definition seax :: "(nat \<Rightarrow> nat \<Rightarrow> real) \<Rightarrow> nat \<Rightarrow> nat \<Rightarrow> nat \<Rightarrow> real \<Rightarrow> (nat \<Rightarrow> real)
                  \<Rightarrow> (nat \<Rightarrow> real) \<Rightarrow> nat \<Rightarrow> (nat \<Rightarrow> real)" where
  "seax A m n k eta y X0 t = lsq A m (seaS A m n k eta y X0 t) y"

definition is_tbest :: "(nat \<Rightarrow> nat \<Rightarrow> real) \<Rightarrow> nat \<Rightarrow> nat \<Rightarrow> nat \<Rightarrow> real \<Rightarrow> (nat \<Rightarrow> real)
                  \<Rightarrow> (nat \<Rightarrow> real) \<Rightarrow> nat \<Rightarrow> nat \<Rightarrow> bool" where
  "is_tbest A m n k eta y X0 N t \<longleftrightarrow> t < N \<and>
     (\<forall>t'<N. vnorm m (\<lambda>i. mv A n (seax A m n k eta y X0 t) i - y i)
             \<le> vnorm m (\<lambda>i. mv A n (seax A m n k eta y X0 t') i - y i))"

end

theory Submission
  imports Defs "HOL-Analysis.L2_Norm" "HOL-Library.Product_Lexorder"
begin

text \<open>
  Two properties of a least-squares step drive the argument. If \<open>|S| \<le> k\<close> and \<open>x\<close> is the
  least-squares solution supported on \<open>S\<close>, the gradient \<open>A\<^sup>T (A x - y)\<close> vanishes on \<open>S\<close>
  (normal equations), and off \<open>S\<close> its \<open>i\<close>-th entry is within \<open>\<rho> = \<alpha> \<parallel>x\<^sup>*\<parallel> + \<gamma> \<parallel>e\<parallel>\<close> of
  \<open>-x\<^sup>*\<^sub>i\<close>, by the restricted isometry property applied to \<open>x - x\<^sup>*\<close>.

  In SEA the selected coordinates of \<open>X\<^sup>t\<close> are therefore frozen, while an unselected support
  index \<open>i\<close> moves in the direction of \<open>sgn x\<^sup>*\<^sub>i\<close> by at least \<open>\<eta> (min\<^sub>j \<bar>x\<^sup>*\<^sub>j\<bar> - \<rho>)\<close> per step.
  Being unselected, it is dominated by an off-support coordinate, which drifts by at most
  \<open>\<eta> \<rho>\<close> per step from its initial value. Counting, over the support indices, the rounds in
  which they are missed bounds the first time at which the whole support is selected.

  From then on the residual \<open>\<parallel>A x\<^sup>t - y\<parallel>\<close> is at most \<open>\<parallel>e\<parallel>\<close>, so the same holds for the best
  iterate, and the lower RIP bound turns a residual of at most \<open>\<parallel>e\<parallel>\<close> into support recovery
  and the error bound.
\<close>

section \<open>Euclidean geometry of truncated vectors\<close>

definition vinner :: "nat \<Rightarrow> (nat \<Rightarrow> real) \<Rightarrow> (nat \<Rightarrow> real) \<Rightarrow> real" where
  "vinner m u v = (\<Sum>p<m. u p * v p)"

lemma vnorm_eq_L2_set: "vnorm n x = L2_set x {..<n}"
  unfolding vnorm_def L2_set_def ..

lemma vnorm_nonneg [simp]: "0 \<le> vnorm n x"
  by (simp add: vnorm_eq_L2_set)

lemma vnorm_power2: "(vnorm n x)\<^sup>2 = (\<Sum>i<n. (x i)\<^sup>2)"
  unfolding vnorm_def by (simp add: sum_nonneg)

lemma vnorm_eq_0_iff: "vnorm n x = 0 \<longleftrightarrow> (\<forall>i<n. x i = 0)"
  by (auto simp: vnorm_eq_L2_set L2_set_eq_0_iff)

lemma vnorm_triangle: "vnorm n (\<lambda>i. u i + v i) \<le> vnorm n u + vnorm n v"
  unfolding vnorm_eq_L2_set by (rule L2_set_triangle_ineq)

** Problem to solve **
For every line above with the word "forall" in it, make a copy.

** Problem solution **
     (\<forall>t'<N. vnorm m (\<lambda>i. mv A n (seax A m n k eta y X0 t) i - y i)
lemma vnorm_eq_0_iff: "vnorm n x = 0 \<longleftrightarrow> (\<forall>i<n. x i = 0)"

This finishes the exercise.